Deferred Compensation Plan. The Company established an unfunded Executive Deferred Compensation Plan (“EDC Plan”) effective as of June 30, 2018, with a purpose to attract and retain highly-compensated key employees by providing participants with an opportunity to defer receipt of a portion of their salary, bonus, and other specified compensation. The Company’s obligations under this plan will change in conjunction with the performance of the participants’ investments, along with contributions to and withdrawals from the plan. Realized and unrealized gains (losses) on deferred compensation plan
investments were insignificant and were included as a component of operating income in the Company’s Consolidated Statements of Income, because the Company’s deferred compensation investments consist of mutual funds that are considered trading securities.

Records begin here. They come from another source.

section \<open>Decay of orbits\<close>

lemma abmn_next_contracts:
  assumes "pos_pair p" "0 \<le> \<tau>" "\<tau> \<le> 1" "snd p \<le> \<tau> * fst p"
  shows "fst (abmn_next p) \<le> \<tau>^2 * fst p" "snd (abmn_next p) \<le> \<tau>^2 / 2 * fst (abmn_next p)"
proof -
  obtain a b where p: "p = (a, b)" and ab: "0 < a" "0 < b"
    using assms(1) by (cases p) (auto simp: pos_pair_def)
  define x where "x = fst (abmn_next p)"
  have x: "0 < x" "x < b^2 / a"
    using next_a_pos[OF ab] next_a_less[OF ab] by (simp_all add: x_def abmn_next_def p)
  have "b^2 \<le> (\<tau> * a)^2"
    using assms(4) ab by (intro power_mono) (simp_all add: p)
  then have "b^2 / a \<le> \<tau>^2 * a"
    using ab by (simp add: power_mult_distrib field_simps power2_eq_square)
  then show x_le: "fst (abmn_next p) \<le> \<tau>^2 * fst p"
    using x by (simp add: x_def p)
  have "snd (abmn_next p) * (2 * a + b) = x^2"
    using abmn_rel_next[OF assms(1)] by (simp add: abmn_rel_def p x_def)
  also have "\<dots> \<le> (\<tau>^2 * a) * x"
    using x_le x by (simp add: power2_eq_square p x_def mult_right_mono)
  also have "\<dots> \<le> (\<tau>^2 / 2 * x) * (2 * a + b)"
    using ab x assms(2) by (simp add: algebra_simps mult_left_mono)
  finally show "snd (abmn_next p) \<le> \<tau>^2 / 2 * fst (abmn_next p)"
    using ab by (simp add: x_def mult_le_cancel_right)
qed

lemma abmn_iterate_decay:
  assumes "pos_pair q" "snd q \<le> fst q"
  shows "fst ((abmn_next ^^ k) q) \<le> 4 * fst q * (1/4)^k"
    "snd ((abmn_next ^^ k) q) \<le> fst ((abmn_next ^^ k) q)"
proof -
  have first: "fst (abmn_next q) \<le> fst q" "snd (abmn_next q) \<le> 1/2 * fst (abmn_next q)"
    using abmn_next_contracts[OF assms(1), of 1] assms(2) by simp_all
  \<comment> \<open>after the first step the ratio is at most 1/2, so every further step divides by 4\<close>
  have later: "fst ((abmn_next ^^ Suc j) q) \<le> fst q * (1/4)^j \<and>
      snd ((abmn_next ^^ Suc j) q) \<le> 1/2 * fst ((abmn_next ^^ Suc j) q)" for j
  proof (induction j)
    case 0
    then show ?case
      using first by simp
  next
    case (Suc j)
    let ?q = "(abmn_next ^^ Suc j) q"
    have q: "pos_pair ?q"
      using pos_pair_abmn_iterate[OF assms(1)] .
    have "fst (abmn_next ?q) \<le> (1/2)^2 * fst ?q"
      "snd (abmn_next ?q) \<le> (1/2)^2 / 2 * fst (abmn_next ?q)"
      using abmn_next_contracts[OF q, of "1/2"] Suc by simp_all
    moreover have "0 < fst (abmn_next ?q)"
      using pos_pair_abmn_next[OF q] by (simp add: pos_pair_def)
    ultimately show ?case
      using Suc by (simp add: power2_eq_square)
  qed
  have "0 < fst ((abmn_next ^^ k) q)"
    using pos_pair_abmn_iterate[OF assms(1)] by (simp add: pos_pair_def)
  then show "fst ((abmn_next ^^ k) q) \<le> 4 * fst q * (1/4)^k"
    "snd ((abmn_next ^^ k) q) \<le> fst ((abmn_next ^^ k) q)"
    using later[of "k - 1"] assms by (cases k; simp)+
qed

lemma abmn_iterate_sums:
  assumes "pos_pair q" "snd q \<le> fst q"
  shows "summable (\<lambda>k. fst ((abmn_next ^^ k) q))" "summable (\<lambda>k. snd ((abmn_next ^^ k) q))"
    "(\<Sum>k. fst ((abmn_next ^^ k) q)) \<le> 16/3 * fst q" "(\<Sum>k. snd ((abmn_next ^^ k) q)) \<le> 16/3 * fst q"
proof -
  define g where "g k = 4 * fst q * (1/4::real)^k" for k
  have g: "g sums (16/3 * fst q)"
    unfolding g_def using sums_mult[OF geometric_sums[of "1/4::real"], of "4 * fst q"] by simp
  have bounds: "fst ((abmn_next ^^ k) q) \<le> g k" "snd ((abmn_next ^^ k) q) \<le> g k" for k
    using abmn_iterate_decay[OF assms, of k] by (simp_all add: g_def)
  have nonneg: "0 \<le> fst ((abmn_next ^^ k) q)" "0 \<le> snd ((abmn_next ^^ k) q)" for k
    using pos_pair_abmn_iterate[OF assms(1), of k] by (simp_all add: pos_pair_def)
  show fst_summable: "summable (\<lambda>k. fst ((abmn_next ^^ k) q))"
    and snd_summable: "summable (\<lambda>k. snd ((abmn_next ^^ k) q))"
    by (rule summable_comparison_test'[OF sums_summable[OF g], of 0]; simp add: bounds nonneg)+
  show "(\<Sum>k. fst ((abmn_next ^^ k) q)) \<le> 16/3 * fst q"
    "(\<Sum>k. snd ((abmn_next ^^ k) q)) \<le> 16/3 * fst q"
    using suminf_le[OF bounds(1) fst_summable sums_summable[OF g]]
      suminf_le[OF bounds(2) snd_summable sums_summable[OF g]] sums_unique[OF g] by simp_all
qed

lemma abmn_iterate_suminf_le:
  assumes "pos_pair q" "snd q \<le> fst q"
  shows "(\<Sum>k. fst ((abmn_next ^^ k) q)) \<le>
      (\<Sum>k<n. fst ((abmn_next ^^ k) q)) + 16/3 * fst ((abmn_next ^^ n) q)"
    "(\<Sum>k. snd ((abmn_next ^^ k) q)) \<le>
      (\<Sum>k<n. snd ((abmn_next ^^ k) q)) + 16/3 * fst ((abmn_next ^^ n) q)"
proof -
  define q' where "q' = (abmn_next ^^ n) q"
  have q': "pos_pair q'" "snd q' \<le> fst q'"
    using pos_pair_abmn_iterate[OF assms(1)] abmn_iterate_decay(2)[OF assms]
      by (simp_all add: q'_def)
  have tail: "(abmn_next ^^ (j + n)) q = (abmn_next ^^ j) q'" for j
    by (simp add: q'_def funpow_add)
  show "(\<Sum>k. fst ((abmn_next ^^ k) q)) \<le>
      (\<Sum>k<n. fst ((abmn_next ^^ k) q)) + 16/3 * fst ((abmn_next ^^ n) q)"
    using suminf_split_initial_segment[OF abmn_iterate_sums(1)[OF assms], of n]
      abmn_iterate_sums(3)[OF q']
    by (simp add: tail q'_def)
  show "(\<Sum>k. snd ((abmn_next ^^ k) q)) \<le>
      (\<Sum>k<n. snd ((abmn_next ^^ k) q)) + 16/3 * fst ((abmn_next ^^ n) q)"
    using suminf_split_initial_segment[OF abmn_iterate_sums(2)[OF assms], of n]
      abmn_iterate_sums(4)[OF q']
    by (simp add: tail q'_def)
qed

lemma abmn_next_snd_le_fst:
  assumes "pos_pair p" "snd p ^ 2 / fst p \<le> 3 * (2 * fst p + snd p)"
  shows "snd (abmn_next p) \<le> fst (abmn_next p)"
proof -
  obtain a b where p: "p = (a, b)" and ab: "0 < a" "0 < b"
    using assms(1) by (cases p) (auto simp: pos_pair_def)
  define c where "c = 2 * a + b"
  define s where "s = b^2 / a"
  define x where "x = fst (abmn_next p)"
  have c: "0 < c"
    using ab by (simp add: c_def)
  have "s \<le> 3 * c"
    using assms(2) by (simp add: p s_def c_def)
  then have "c * s \<le> c * (3 * c)"
    using c by (intro mult_left_mono) auto
  then have "x \<le> c"
    using next_a_compare(2)[OF ab, of c, folded c_def s_def] c
    by (simp add: x_def abmn_next_def p power2_eq_square)
  have "snd (abmn_next p) * c = x^2"
    using abmn_rel_next[OF assms(1)] by (simp add: abmn_rel_def p x_def c_def)
  also have "\<dots> \<le> x * c"
    using \<open>x \<le> c\<close> next_a_pos[OF ab] by (simp add: power2_eq_square x_def abmn_next_def p)
  finally show ?thesis
    using c by (simp add: x_def)
qed
(* Let $p$ be a prime and let $G$ be a non-abelian, non-metacyclic group of order $p^3$. Then there exist at least $p+1$ pairwise non-isomorphic local nearrings whose additive group is isomorphic to $G$.
   Context: A (left) nearring is a set $R$ with two binary operations $+$ and $\cdot$ such that $(R,+)$ is a group (not necessarily abelian) with neutral element $0$, $(R,\cdot)$ is a semigroup, and $x\cdot(y+z)=x\cdot y+x\cdot z$ for all $x,y,z\in R$. A nearring with identity is one where $(R,\cdot)$ is a monoid. A nearring $R$ with identity is called local if the set $L$ of all non-invertible elements of $(R,\cdot)$ is a subgroup of $(R,+)$. The additive group of $R$ is $(R,+)$. Two nearrings are isomorphic if there is a bijection preserving both operations. *)

theory Defs
  imports "HOL-Algebra.Algebra"
begin

definition metacyclic :: "('a, 'b) monoid_scheme \<Rightarrow> bool" where
  "metacyclic G \<longleftrightarrow>
     (\<exists>N. N \<lhd> G \<and> cyclic_group (G\<lparr>carrier := N\<rparr>) \<and> cyclic_group (G Mod N))"

definition nearring :: "('a, 'b) ring_scheme \<Rightarrow> bool" where
  "nearring R \<longleftrightarrow>
     group (add_monoid R) \<and>
     (\<forall>x\<in>carrier R. \<forall>y\<in>carrier R. x \<otimes>\<^bsub>R\<^esub> y \<in> carrier R) \<and>
     (\<forall>x\<in>carrier R. \<forall>y\<in>carrier R. \<forall>z\<in>carrier R.
        (x \<otimes>\<^bsub>R\<^esub> y) \<otimes>\<^bsub>R\<^esub> z = x \<otimes>\<^bsub>R\<^esub> (y \<otimes>\<^bsub>R\<^esub> z)) \<and>
     (\<forall>x\<in>carrier R. \<forall>y\<in>carrier R. \<forall>z\<in>carrier R.
        x \<otimes>\<^bsub>R\<^esub> (y \<oplus>\<^bsub>R\<^esub> z) = (x \<otimes>\<^bsub>R\<^esub> y) \<oplus>\<^bsub>R\<^esub> (x \<otimes>\<^bsub>R\<^esub> z))"

definition nearring_with_identity :: "('a, 'b) ring_scheme \<Rightarrow> bool" where
  "nearring_with_identity R \<longleftrightarrow> nearring R \<and> monoid R"

definition local_nearring :: "('a, 'b) ring_scheme \<Rightarrow> bool" where
  "local_nearring R \<longleftrightarrow> nearring_with_identity R \<and>
     subgroup (carrier R - Units R) (add_monoid R)"

definition nearring_iso :: "('a, 'b) ring_scheme \<Rightarrow> ('c, 'd) ring_scheme \<Rightarrow> bool" where
  "nearring_iso R S \<longleftrightarrow> (\<exists>f. bij_betw f (carrier R) (carrier S) \<and>
     (\<forall>x\<in>carrier R. \<forall>y\<in>carrier R.
        f (x \<oplus>\<^bsub>R\<^esub> y) = f x \<oplus>\<^bsub>S\<^esub> f y \<and> f (x \<otimes>\<^bsub>R\<^esub> y) = f x \<otimes>\<^bsub>S\<^esub> f y))"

Plan investments are classified as Level 1 in the fair value hierarchy since the investments trade with sufficient frequency and volume to enable the Company to obtain pricing information on an ongoing basis. The current portion of deferred compensation plan deferrals is comprised of estimated amounts to be paid within one year depending on timing of planned disbursements. At December 31, 2022 and 2021, the EDC Plan investments were $2,176 and $3,072, respectively, which were recorded in other assets on the Company’s Consolidated Balance Sheets. The EDC Plan current liabilities were $510 and $617 at December 31, 2022 and 2021, respectively, and were included in accrued expenses and other on the Company’s Consolidated Balance Sheets. The EDC Plan non-current liabilities were $2,191 and $2,981 as of December 31, 2022 and 2021, respectively, which were recorded in Other non-current liabilities on the Company’s Consolidated Balance Sheets.